1. These appeals arise out of three suits to eject the defendant from the holdings in suit, the plaintiff's case being that the tenant who held the lands under them had no transferable interest in the same and abandoned the holdings after selling them to the defendant, and that the latter, therefore, had acquired no right under his purchase but was merely a trespasser on the land.
2. The defence was, that the defendant was a tenant and could not be ejected as a trespasser. Among other things, the defendant relied upon a decision in a proceeding under Section 106 of the Bengal Tenancy Act in his favour.
3. It appears that the defendant was entered in the Record of Rights as tenant of the lands and this was after the purchase of the holding by the defendant. The plaintiff thereupon brought a suit under Section 106 of the Bengal Tenancy Act for the correction of the entry, on the ground that the defendant was not a tenant. The Revenue Officer, under Section 106, decided that the defendant was a tenant and that the entry in the Record of Rights was correct.
4. Now, the present suit is based upon the ground that the defendant is not a tenant but a trespasser and is, therefore, liable to be ejected. As stated above, the question whether he was a tenant or not was directly raised and decided in the proceedings under Section 106. The Court below in the present case has held that the decision operated as res judicata.
5. The plaintiff has appealed to this Court, and has relied upon the case of Dharani Kanta Lahiri v. Gaber Ali Khan 30 C. 339 at p. 364 : 7 C.W.N. 33 where, at page 364 Page of 30C.--(Ed.), it is stated that, although the decision of the Revenue Officer under Section 105 (it was a case under Section 105) has the effect of a decree of a Civil Court under Section 107 of the Bengal Tenancy Act, it does not operate as res judicata under Section 13, Civil Procedure Code. It is to be observed that that was a decision under the Tenancy Act as it stood before the amendment of 1898.
6. Section 107 of the Bengal Tenancy Act provides that in all proceedings under Sections 105, 105A and 106, the Revenue Officer shall, subject to rules made by the Local Government under this Act, adopt the procedure laid down in the Code of Civil Procedure for the trial of suits, and his decision in every such proceeding shall have the force and decree of a Civil Court in a suit between the parties, and subject to the provisions of Sections 108 and 109A, shall be final.
7. Now, these words 'subject to the provisions of Sections 105 and 109A shall be final' were added by Act III B.C. of 1898. They were not in the section when the case of Dharani Kanta Lahiri v. Gaber Ali Khan 30 C. 339 at p. 364 : 7 C.W.N. 33 was decided. That is the ground upon which that case has been distinguished, by the Patna High Court in the case of Mahendra Narayan Ray v. Girish Chandra Kar 46 Ind.

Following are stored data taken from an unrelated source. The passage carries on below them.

lemma cost_matrix_iff:
  "cost_matrix K P \<longleftrightarrow> symmetric_mat P \<and>
     transpose (A - B ** K) ** P + P ** (A - B ** K) + Q + transpose K ** R ** K = 0"
  by (simp add: cost_matrix_def lyapunov_def closed_loop_def add.assoc)

lemma R_Rinv: "R ** Rinv = idm" "Rinv ** R = idm"
  using invertible_matrix_inv[OF R_invertible] unfolding Rinv_def by auto

lemma R_Rinv_mult: "R ** (Rinv ** X) = X" "Rinv ** (R ** X) = X"
  by (simp_all add: matrix_mul_assoc R_Rinv)

lemma Rinv_symmetric: "transpose Rinv = Rinv"
proof -
  have "R ** transpose Rinv = idm"
    using arg_cong[OF R_Rinv(2), of transpose] R_symmetric
    by (simp add: matrix_transpose_mul symmetric_mat_def)
  then have "Rinv ** (R ** transpose Rinv) = Rinv" by simp
  then show ?thesis by (simp add: R_Rinv_mult)
qed

lemmas lqr_simps = matrix_ring_simps Q_symmetric[unfolded symmetric_mat_def]
  R_symmetric[unfolded symmetric_mat_def] Pstar_symmetric[unfolded symmetric_mat_def]
  Rinv_symmetric R_Rinv R_Rinv_mult kleinman_gain_def closed_loop_def

lemma cost_matrix_Kstar: "cost_matrix Kstar Pstar"
proof -
  have "transpose (closed_loop Kstar) ** Pstar + Pstar ** closed_loop Kstar
          + (Q + transpose Kstar ** R ** Kstar)
        = transpose A ** Pstar + Pstar ** A - Pstar ** B ** matrix_inv R ** transpose B ** Pstar + Q"
    by (simp add: lqr_simps Rinv_def[symmetric])
  then show ?thesis
    using riccati Pstar_symmetric unfolding cost_matrix_def lyapunov_def by simp
qed

lemma cost_gap_lyapunov:
  assumes "cost_matrix K P"
  shows "lyapunov (closed_loop K) (P - Pstar) (transpose (K - Kstar) ** R ** (K - Kstar))"
proof -
  have "transpose (closed_loop K) ** (P - Pstar) + (P - Pstar) ** closed_loop K
          + transpose (K - Kstar) ** R ** (K - Kstar)
     = (transpose (closed_loop K) ** P + P ** closed_loop K + (Q + transpose K ** R ** K))
       - (transpose A ** Pstar + Pstar ** A - Pstar ** B ** matrix_inv R ** transpose B ** Pstar + Q)"
    by (simp add: lqr_simps Rinv_def[symmetric])
  then show ?thesis using assms riccati unfolding cost_matrix_def lyapunov_def by simp
qed

lemma cost_gap_lyapunov_Kstar:
  assumes "cost_matrix K P"
  shows "lyapunov (closed_loop Kstar) (P - Pstar)
     (transpose (K - kleinman_gain P) ** R ** (K - kleinman_gain P)
      - transpose (kleinman_gain (P - Pstar)) ** R ** kleinman_gain (P - Pstar))"
proof -
  have sP: "transpose P = P" using assms unfolding cost_matrix_def symmetric_mat_def by simp
  have "transpose (closed_loop K) ** (P - Pstar) + (P - Pstar) ** closed_loop K
          + transpose (K - Kstar) ** R ** (K - Kstar)
     = transpose (closed_loop Kstar) ** (P - Pstar) + (P - Pstar) ** closed_loop Kstar
       + (transpose (K - kleinman_gain P) ** R ** (K - kleinman_gain P)
          - transpose (kleinman_gain (P - Pstar)) ** R ** kleinman_gain (P - Pstar))"
    using sP by (simp add: lqr_simps)
  then show ?thesis using cost_gap_lyapunov[OF assms] unfolding lyapunov_def by simp
qed

text \<open>Completing the square around the Kleinman gain \<open>R\<^sup>-\<^sup>1 B\<^sup>T P\<close>.\<close>

lemma cost_matrix_lyapunov_other_gain:
  assumes "cost_matrix K P"
  shows "lyapunov (closed_loop K') P (Q + transpose K' ** R ** K'
      - transpose (K' - kleinman_gain P) ** R ** (K' - kleinman_gain P)
      + transpose (K - kleinman_gain P) ** R ** (K - kleinman_gain P))"
proof -
  have sP: "transpose P = P" using assms unfolding cost_matrix_def symmetric_mat_def by simp
  have "transpose (closed_loop K') ** P + P ** closed_loop K' + (Q + transpose K' ** R ** K')
    = (transpose (closed_loop K) ** P + P ** closed_loop K + (Q + transpose K ** R ** K))
      + (transpose (K' - kleinman_gain P) ** R ** (K' - kleinman_gain P)
         - transpose (K - kleinman_gain P) ** R ** (K - kleinman_gain P))"
    using sP by (simp add: lqr_simps)
  then show ?thesis using assms unfolding cost_matrix_def lyapunov_def by (simp add: algebra_simps)
qed

end

locale lqr_coercive = lqr A B Q R Pstar
  for A :: "real^'n^'n" and B :: "real^'m^'n" and Q :: "real^'n^'n" and R :: "real^'m^'m"
    and Pstar :: "real^'n^'n" +
  fixes q \<rho> :: real
  assumes q_pos: "0 < q" and Q_coercive: "\<And>x. q * norm x ^ 2 \<le> x \<bullet> (Q *v x)"
    and \<rho>_pos: "0 < \<rho>" and R_coercive: "\<And>x. \<rho> * norm x ^ 2 \<le> x \<bullet> (R *v x)"
    and Pstar_pos: "\<And>x. x \<noteq> 0 \<Longrightarrow> 0 < x \<bullet> (Pstar *v x)"
begin
(* Let $p$ be a prime, $n\ge0$, $X$ a set and $\mathbb Z(X)$ the free abelian group on $X$. Then $W_{n+1,p}(\mathbb Z;\mathbb Z(X))$ is a free abelian group with basis the elements $V^i\tau^{n-i}(x_1\otimes\cdots\otimes x_{p^i})$, where $0\le i\le n$ and $(x_1,\dots,x_{p^i})$ runs over a set of representatives of the orbits $X^{\times p^i}/C_{p^i}$. Moreover, for sets $X,Y$, the monoidal structure map $\star\colon W_{n+1,p}(\mathbb Z;\mathbb Z(X))\otimes W_{n+1,p}(\mathbb Z;\mathbb Z(Y))\to W_{n+1,p}(\mathbb Z;\mathbb Z(X)\otimes\mathbb Z(Y))$ satisfies, for $i\le j$, $$V^i\tau^{n-i}(\otimes_{l=1}^{p^i}x_l)\star V^j\tau^{n-j}(\otimes_{h=1}^{p^j}y_h)=\sum_{\sigma\in C_{p^i}}V^j\Big(\tau^{n-j}\big((\sigma(\otimes_{l=1}^{p^i}x_l))^{\otimes p^{j-i}}\otimes(\otimes_{h=1}^{p^j}y_h)\big)\Big),$$ and symmetrically for $j\le i$: $$V^i\tau^{n-i}(\otimes_{l=1}^{p^i}x_l)\star V^j\tau^{n-j}(\otimes_{h=1}^{p^j}y_h)=\sum_{\sigma\in C_{p^j}}V^i\Big(\tau^{n-i}\big((\otimes_{l=1}^{p^i}x_l)\otimes(\sigma(\otimes_{h=1}^{p^j}y_h))^{\otimes p^{i-j}}\big)\Big),$$ where $A^{\otimes p^k}\otimes B^{\otimes p^k}$ is identified with $(A\otimes B)^{\otimes p^k}$ via the shuffle isomorphism.
   Context: Notation: for an $R$-bimodule $M$, $M^{\otimes_R k}$ is the tensor power over $R$, $M^{\circledcirc_R k}=M^{\otimes_R k}/[R,M^{\otimes_R k}]$ with cyclic $C_k$-action, transfers are sums over cosets, $x^{\otimes p^k}$ is the image of the $p^k$-fold tensor power, and ghost maps are $w_j(m_0,\dots,m_n)=\sum_{i=0}^j\mathrm{tr}^{C_{p^j}}_{C_{p^{j-i}}}(m_i^{\otimes p^{j-i}})$. $W_{n+1,p}(R;M)$ is the quotient of $\prod_{i=0}^nM^{\otimes_Rp^i}$ by the equivalence relation generated by: $a\sim b$ if for a free resolution $(\bar S;\bar Q)\rightrightarrows^{f,g}(S;Q)\xrightarrow\epsilon(R;M)$ there are $q,u,z$ with $\epsilon_*q=a,\epsilon_*u=b,w(q)=w(f_*z),w(u)=w(g_*z)$; for $(\mathbb Z;\mathbb Z(X))$ it is just the quotient making $w$ injective. It has the unique natural abelian group and lax symmetric monoidal structure ($\star$) making all $w_j$ additive and monoidal. Operators: $\tau^{k}\colon M^{\otimes_R p^i}\to W_{k+1,p}(R;M^{\otimes_Rp^i})$, $m\mapsto(m,0,\dots,0)$ (Teichmüller map), and $V^i\colon W_{k+1,p}(R;M^{\otimes_Rp^i})\to W_{k+i+1,p}(R;M)$, $(x_0,\dots,x_k)\mapsto(0,\dots,0,x_0,\dots,x_k)$ ($i$ zeros), using $(M^{\otimes_Rp^i})^{\otimes_Rp^l}\cong M^{\otimes_Rp^{i+l}}$. Thus $V^i\tau^{n-i}(y)$ is the class of the sequence with $y$ in position $i$ and $0$ elsewhere. *)

theory Defs
  imports Main "HOL-Computational_Algebra.Primes"
begin

text \<open>Z(X)^{tensor k} = Z(X^k): finitely supported integer functions on k-tuples
  (lists of length k) with entries in X.\<close>
definition tensor_pow_grp :: "'a set \<Rightarrow> nat \<Rightarrow> ('a list \<Rightarrow> int) set" where
  "tensor_pow_grp X k = {f. finite {L. f L \<noteq> 0} \<and>
      (\<forall>L. f L \<noteq> 0 \<longrightarrow> length L = k \<and> set L \<subseteq> X)}"

text \<open>r-fold tensor power of f in Z(X^k), landing in Z(X^(r*k)).\<close>
definition tpow :: "nat \<Rightarrow> nat \<Rightarrow> ('a list \<Rightarrow> int) \<Rightarrow> ('a list \<Rightarrow> int)" where
  "tpow k r f = (\<lambda>L. if length L = r * k
      then (\<Prod>t<r. f (take k (drop (t * k) L))) else 0)"
lemma pump_fails_in_blocks_34:
  fixes q p \<alpha> \<delta> b1 b2 b3 g1 g2 g3 :: nat
  assumes q: "odd q" "p < q"
    and s1: "\<alpha> + (b1 + b2 + b3) + \<delta> = q" and s2: "b1 + b2 + b3 + (g1 + g2 + g3) \<le> p"
    and c2: "0 < g2 \<longrightarrow> b3 = 0"
    and c3: "0 < g1 + g2 + g3 \<longrightarrow> \<delta> = 0"
    and ne: "v @ x \<noteq> []"
    and u: "u = replicate q False @ replicate q True @ replicate \<alpha> False"
    and v: "v = replicate b1 False @ replicate g1 True"
    and w: "w = replicate b2 False @ replicate g2 True" and x: "x = replicate b3 False @ replicate g3 True"
    and y: "y = replicate \<delta> False @ replicate (q - (g1 + g2 + g3)) True"
    and Z0: "u @ w @ y \<in> shuffles X0 X0" and Z2: "u @ v @ v @ w @ x @ x @ y \<in> shuffles X2 X2"
  shows False
proof -
  define \<gamma> where "\<gamma> = g1 + g2 + g3"
  have "\<gamma> < q" using s2 q(2) unfolding \<gamma>_def by simp
  have "u @ w @ y = replicate q False @ replicate q True @ replicate (\<alpha> + b2 + \<delta>) False @
      replicate (g2 + (q - \<gamma>)) True"
    using c3 by (cases "g2 = 0") (simp_all add: u w y \<gamma>_def replicate_add)
  from four_block_self_shuffle[OF Z0[unfolded this] q(1)] odd_pos[OF q(1)] s1 s2 q(2)
  have "q \<le> g2 + (q - \<gamma>)" by simp
  then have g13: "g1 = 0" "g3 = 0" using \<open>\<gamma> < q\<close> unfolding \<gamma>_def by auto
  have "u @ v @ v @ w @ x @ x @ y = replicate q False @ replicate q True @
      replicate (\<alpha> + b1 + b1 + b2 + b3 + b3 + \<delta>) False @ replicate (g2 + (q - \<gamma>)) True"
    using c2 c3 by (cases "g2 = 0") (simp_all add: u v w x y g13 \<gamma>_def replicate_add)
  from four_block_self_shuffle[OF Z2[unfolded this] q(1)] odd_pos[OF q(1)] \<open>\<gamma> < q\<close> s1
  have "b1 = 0" "b3 = 0" by auto
  then show False using ne g13 v x by simp
qed

lemma pump_fails_in_block_4:
  fixes q \<alpha> \<delta> b1 b2 b3 :: nat
  assumes q: "odd q"
    and s1: "\<alpha> + (b1 + b2 + b3) + \<delta> = q"
    and ne: "v @ x \<noteq> []"
    and u: "u = replicate q False @ replicate q True @ replicate q False @ replicate \<alpha> True"
    and v: "v = replicate b1 True" and w: "w = replicate b2 True" and x: "x = replicate b3 True"
    and y: "y = replicate \<delta> True"
    and Z0: "u @ w @ y \<in> shuffles X0 X0"
  shows False
proof -
  have "u @ w @ y = replicate q False @ replicate q True @ replicate q False @
      replicate (\<alpha> + b2 + \<delta>) True"
    by (simp add: u w y replicate_add)
  from four_block_self_shuffle[OF Z0[unfolded this] q] odd_pos[OF q] have "q \<le> \<alpha> + b2 + \<delta>" by simp
  then have "b1 = 0" "b3 = 0" using s1 by auto
  then show False using ne v x by simp
qed

lemma witness_not_pumpable:
  fixes q p :: nat
  assumes q: "odd q" "p < q"
    and z: "replicate q False @ replicate q True @ replicate q False @ replicate q True =
            u @ v @ w @ x @ y"
    and ne: "v @ x \<noteq> []" and len: "length (v @ w @ x) \<le> p"
    and Z0: "u @ w @ y \<in> shuffles X0 X0" and Z2: "u @ v @ v @ w @ x @ x @ y \<in> shuffles X2 X2"
  shows False
proof -
  have lenq: "length (v @ w @ x) \<le> q" using len q(2) by simp
  have pieces: "b1 + b2 + b3 + (g1 + g2 + g3) \<le> p"
    if "v = replicate b1 a @ replicate g1 a'" "w = replicate b2 a @ replicate g2 a'"
      "x = replicate b3 a @ replicate g3 a'" for b1 b2 b3 g1 g2 g3 and a a' :: bool
    using len that by simp
  from window_two_blocks[OF z lenq] show False
  proof (elim disjE exE conjE)
    fix \<alpha> \<delta> b1 b2 b3 g1 g2 g3 assume s: "u = replicate \<alpha> False"
      "v = replicate b1 False @ replicate g1 True" "w = replicate b2 False @ replicate g2 True"
      "x = replicate b3 False @ replicate g3 True"
      "y = replicate \<delta> False @ replicate (q - (g1 + g2 + g3)) True @ replicate q False @ replicate q True"
      "\<alpha> + (b1 + b2 + b3) + \<delta> = q" "0 < g1 \<longrightarrow> b2 = 0 \<and> b3 = 0" "0 < g2 \<longrightarrow> b3 = 0"
      "0 < g1 + g2 + g3 \<longrightarrow> \<delta> = 0"
    show False by (rule pump_fails_in_blocks_12[OF q s(6) pieces[OF s(2-4)] s(7) s(9) ne s(1-5) Z0 Z2])
  next
    fix u1 assume u1: "u = replicate q False @ u1"
      "replicate q True @ replicate q False @ replicate q True = u1 @ v @ w @ x @ y"
    from window_two_blocks[OF u1(2) lenq] show False
    proof (elim disjE exE conjE)
      fix \<alpha> \<delta> b1 b2 b3 g1 g2 g3 assume s: "u1 = replicate \<alpha> True"
        "v = replicate b1 True @ replicate g1 False" "w = replicate b2 True @ replicate g2 False"
        "x = replicate b3 True @ replicate g3 False"
        "y = replicate \<delta> True @ replicate (q - (g1 + g2 + g3)) False @ replicate q True"
        "\<alpha> + (b1 + b2 + b3) + \<delta> = q" "0 < g1 \<longrightarrow> b2 = 0 \<and> b3 = 0" "0 < g2 \<longrightarrow> b3 = 0"
        "0 < g1 + g2 + g3 \<longrightarrow> \<delta> = 0"
      have "u = replicate q False @ replicate \<alpha> True" using u1(1) s(1) by simp
      from pump_fails_in_blocks_23[OF q s(6) pieces[OF s(2-4)] s(7-9) ne this s(2-5) Z2]
      show False .
    next
      fix u2 assume u2: "u1 = replicate q True @ u2"
        "replicate q False @ replicate q True = u2 @ v @ w @ x @ y"
      have "replicate q False @ replicate q True @ [] = u2 @ v @ w @ x @ y" using u2(2) by simp
      from window_two_blocks[OF this lenq] show False
      proof (elim disjE exE conjE)
        fix \<alpha> \<delta> b1 b2 b3 g1 g2 g3 assume s: "u2 = replicate \<alpha> False"
          "v = replicate b1 False @ replicate g1 True" "w = replicate b2 False @ replicate g2 True"
          "x = replicate b3 False @ replicate g3 True"
          "y = replicate \<delta> False @ replicate (q - (g1 + g2 + g3)) True @ []"
          "\<alpha> + (b1 + b2 + b3) + \<delta> = q" "0 < g1 \<longrightarrow> b2 = 0 \<and> b3 = 0" "0 < g2 \<longrightarrow> b3 = 0"
          "0 < g1 + g2 + g3 \<longrightarrow> \<delta> = 0"
        have "u = replicate q False @ replicate q True @ replicate \<alpha> False"
          using u1(1) u2(1) s(1) by simp
        moreover have "y = replicate \<delta> False @ replicate (q - (g1 + g2 + g3)) True" using s(5) by simp
        ultimately show False
          using pump_fails_in_blocks_34[OF q s(6) pieces[OF s(2-4)] s(8-9) ne _ s(2-4) _ Z0 Z2]
          by blast
      next
        fix u3 assume u3: "u2 = replicate q False @ u3" "replicate q True @ [] = u3 @ v @ w @ x @ y"
        from window_one_block[of q True u3 v w x y] u3(2) have s:
          "u3 = replicate (length u3) True" "v = replicate (length v) True"
          "w = replicate (length w) True" "x = replicate (length x) True"
          "y = replicate (length y) True"
          "length u3 + (length v + length w + length x) + length y = q"
          by simp_all
        have "u = replicate q False @ replicate q True @ replicate q False @ replicate (length u3) True"
          using u1(1) u2(1) u3(1) s(1) by simp
        from pump_fails_in_block_4[OF q(1) s(6) ne this s(2-5) Z0] show False .
      qed
    qed
  qed
qed
lemma card_rep_complex_fiber:
  assumes "simplicial_complex X" "\<sigma> \<in> X" "k + 2 \<le> card \<sigma>" "card \<sigma> \<le> d + 1"
  shows "card {S \<in> rep_complex d k X. \<Union>S = \<sigma>} = card \<sigma> choose k"
proof -
  have "finite \<sigma>"
    using assms(3) by (intro card_ge_0_finite) simp
  have "bij_betw (\<lambda>(\<tau>, C). star C \<tau>) (SIGMA \<tau>:{\<sigma>}. {C. C \<subseteq> \<tau> \<and> card C = k})
          {S \<in> rep_complex d k X. \<Union>S \<in> {\<sigma>}}"
    by (rule bij_betw_star_rep_complex) (use assms in auto)
  then have "card {S \<in> rep_complex d k X. \<Union>S = \<sigma>}
      = card (SIGMA \<tau>:{\<sigma>}. {C. C \<subseteq> \<tau> \<and> card C = k})"
    by (simp add: bij_betw_same_card)
  also have "\<dots> = card {C. C \<subseteq> \<sigma> \<and> card C = k}"
    using \<open>finite \<sigma>\<close> by (simp add: finite_subset)
  also have "\<dots> = card \<sigma> choose k"
    using \<open>finite \<sigma>\<close> by (rule n_subsets)
  finally show ?thesis
    by simp
qed

lemma rep_complex_fiber_vertex:
  assumes "\<tau> \<in> faces X k"
  shows "{S \<in> rep_complex d k X. \<Union>S = \<tau>} = {{\<tau>}}"
proof (intro equalityI subsetI)
  fix S assume S: "S \<in> {S \<in> rep_complex d k X. \<Union>S = \<tau>}"
  then have "card S = 1"
    using Union_rep_complex(2)[of S d k X] card_faces[OF assms] by simp
  then obtain t where "S = {t}"
    by (rule card_1_singletonE)
  with S show "S \<in> {{\<tau>}}"
    by simp
next
  fix S assume "S \<in> {{\<tau>}}"
  with assms show "S \<in> {S \<in> rep_complex d k X. \<Union>S = \<tau>}"
    unfolding rep_complex_def by blast
qed

lemma bij_betw_star_top_faces_rep_complex:
  assumes "simplicial_complex X" "k < d"
  shows "bij_betw (\<lambda>(\<tau>, C). star C \<tau>) (SIGMA \<tau>:faces X d. {C. C \<subseteq> \<tau> \<and> card C = k})
           (faces (rep_complex d k X) (d - k))"
proof -
  have "faces (rep_complex d k X) (d - k) = {S \<in> rep_complex d k X. \<Union>S \<in> faces X d}"
    using assms(2) Union_rep_complex[of _ d k X] by (auto simp: faces_def)
  then show ?thesis
    by (simp only:) (rule bij_betw_star_rep_complex, use assms in \<open>auto simp: faces_def\<close>)
qed

lemma card_top_faces_rep_complex:
  assumes "simplicial_complex X" "k < d"
  shows "card (faces (rep_complex d k X) (d - k)) = card (faces X d) * ((d + 1) choose k)"
proof -
  have "finite (faces X d)"
    using assms(1) by (simp add: simplicial_complex_def faces_def)
  have "card (faces (rep_complex d k X) (d - k))
      = card (SIGMA \<tau>:faces X d. {C. C \<subseteq> \<tau> \<and> card C = k})"
    using bij_betw_star_top_faces_rep_complex[OF assms] by (rule bij_betw_same_card[symmetric])
  also have "\<dots> = (\<Sum>\<tau>\<in>faces X d. card {C. C \<subseteq> \<tau> \<and> card C = k})"
    using \<open>finite (faces X d)\<close> by (intro card_SigmaI ballI) (auto simp: finite_faces)
  also have "\<dots> = (\<Sum>\<tau>\<in>faces X d. (d + 1) choose k)"
    by (intro sum.cong refl) (simp add: n_subsets finite_faces card_faces)
  finally show ?thesis
    by simp
qed

lemma rep_complex_subset_star_iff:
  assumes "r \<in> rep_complex d k X" "finite \<tau>" "C \<subseteq> \<tau>" "card C = k"
  shows "r \<subseteq> star C \<tau> \<longleftrightarrow> C \<subseteq> \<Inter>r \<and> \<Union>r \<subseteq> \<tau>"
proof (rule subset_star_iff)
  show "finite C"
    using assms(2,3) by (rule finite_subset[rotated])
  show "r \<noteq> {}" "\<forall>s\<in>r. card s = Suc (card C)"
    using assms(1,4) rep_complex_nonempty rep_complex_subset_faces card_faces by blast+
qed (use assms in simp)

lemma card_top_cofaces_rep_complex:
  assumes "simplicial_complex X" "k < d" "r \<in> rep_complex d k X"
  shows "card {T \<in> faces (rep_complex d k X) (d - k). r \<subseteq> T}
       = card {\<tau> \<in> faces X d. \<Union>r \<subseteq> \<tau>} * (card (\<Inter>r) choose k)"
proof -
  let ?P = "SIGMA \<tau>:faces X d. {C. C \<subseteq> \<tau> \<and> card C = k}"
  obtain s where "s \<in> r" "s \<in> faces X k"
    using assms(3) rep_complex_nonempty rep_complex_subset_faces by blast
  then have "\<Inter>r \<subseteq> \<Union>r" "finite (\<Inter>r)"
    using finite_faces by (auto intro: finite_subset[of _ s])
  have "bij_betw (\<lambda>(\<tau>, C). star C \<tau>) {p \<in> ?P. r \<subseteq> (\<lambda>(\<tau>, C). star C \<tau>) p}
          {T \<in> faces (rep_complex d k X) (d - k). r \<subseteq> T}"
    using bij_betw_star_top_faces_rep_complex[OF assms(1,2)] by (rule bij_betw_Collect) simp
  then have "card {T \<in> faces (rep_complex d k X) (d - k). r \<subseteq> T}
      = card {p \<in> ?P. r \<subseteq> (\<lambda>(\<tau>, C). star C \<tau>) p}"
    by (rule bij_betw_same_card[symmetric])
  also have "{p \<in> ?P. r \<subseteq> (\<lambda>(\<tau>, C). star C \<tau>) p}
      = {\<tau> \<in> faces X d. \<Union>r \<subseteq> \<tau>} \<times> {C. C \<subseteq> \<Inter>r \<and> card C = k}"
  proof (rule set_eqI)
    fix p :: "'a set \<times> 'a set"
    obtain \<tau> C where p: "p = (\<tau>, C)"
      by fastforce
    have "(\<tau>, C) \<in> {p \<in> ?P. r \<subseteq> (\<lambda>(\<tau>, C). star C \<tau>) p}
        \<longleftrightarrow> \<tau> \<in> faces X d \<and> C \<subseteq> \<tau> \<and> card C = k \<and> C \<subseteq> \<Inter>r \<and> \<Union>r \<subseteq> \<tau>"
      using rep_complex_subset_star_iff[OF assms(3) finite_faces, of \<tau> X d C] by auto
    also have "\<dots> \<longleftrightarrow> (\<tau>, C) \<in> {\<tau> \<in> faces X d. \<Union>r \<subseteq> \<tau>} \<times> {C. C \<subseteq> \<Inter>r \<and> card C = k}"
      using \<open>\<Inter>r \<subseteq> \<Union>r\<close> by blast
    finally show "p \<in> {p \<in> ?P. r \<subseteq> (\<lambda>(\<tau>, C). star C \<tau>) p}
        \<longleftrightarrow> p \<in> {\<tau> \<in> faces X d. \<Union>r \<subseteq> \<tau>} \<times> {C. C \<subseteq> \<Inter>r \<and> card C = k}"
      unfolding p .
  qed
  also have "card \<dots> = card {\<tau> \<in> faces X d. \<Union>r \<subseteq> \<tau>} * (card (\<Inter>r) choose k)"
    using \<open>finite (\<Inter>r)\<close> by (simp add: card_cartesian_product n_subsets)
  finally show ?thesis .
qed

lemma card_rep_complex_fiber_face:
  assumes "simplicial_complex X" "i \<le> d - k" "\<sigma> \<in> faces X (k + i)"
  shows "card {S \<in> rep_complex d k X. \<Union>S = \<sigma>} = (if i > 0 then (k + i + 1) choose k else 1)"
proof (cases "i > 0")
  case True
  have "\<sigma> \<in> X" "card \<sigma> = k + i + 1"
    using assms(3) by (simp_all add: faces_def)
  with True assms(1,2) show ?thesis
    using card_rep_complex_fiber[of X \<sigma> k d] by simp
next
  case False
  with assms(3) show ?thesis
    using rep_complex_fiber_vertex[of \<sigma> X k d] by simp
qed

Cas. 125 : 3 P.L.J. 379. There it was pointed out that the words 'shall be final' were imported into Section 107 with a view to give finality to a decision arrived at by a Revenue Court or by the Special Judge on appeal.
8. Then, Section 109 of the Bengal Tenancy Act lays down that, subject to the provisions of Section 109A, a Civil Court shall not entertain any application or suit concerning any matter which is or has already been the subject of an application made, sent, instituted or proceedings taken under Sections 105 to 108 (both inclusive).
9. There can be no doubt that the question whether there was a relation of landlord and tenant between the parties was a question which was within the jurisdiction of the Court of the Revenue Officer to decide under Section 106 of the Bengal Tenancy Act. In fact, the section clearly lays down that a dispute as to whether the relation of landlord and tenant exists may be decided by the Revenue Officer.
10. We may refer, to the case of Kamlanand Singh v. Pram Lal Ganesh 16 Ind. Cas. 935 : 16 C.L.J. 67 Second Appeal No. 539 of 1909 decided by Woodroffe and Carnduff, JJ., on the 20th February 1911) in which it was laid down that when proceedings have been taken before a Settlement Officer in respect of any matter under Section 106 of the Bengal Tenancy Act, a Civil Court is precluded from entertaining a suit concerning such matter.
11. Reference may also be made to the case of Sheodhani Pandev v. Bent Pershad Keori 16 Ind. Cas. 935 : 16 C.L.J. 67.
12. Apart from this, the Court below finds upon the evidence that the jama was transferable. The appeals accordingly fail and are dismissed without costs as the respondent does of appear.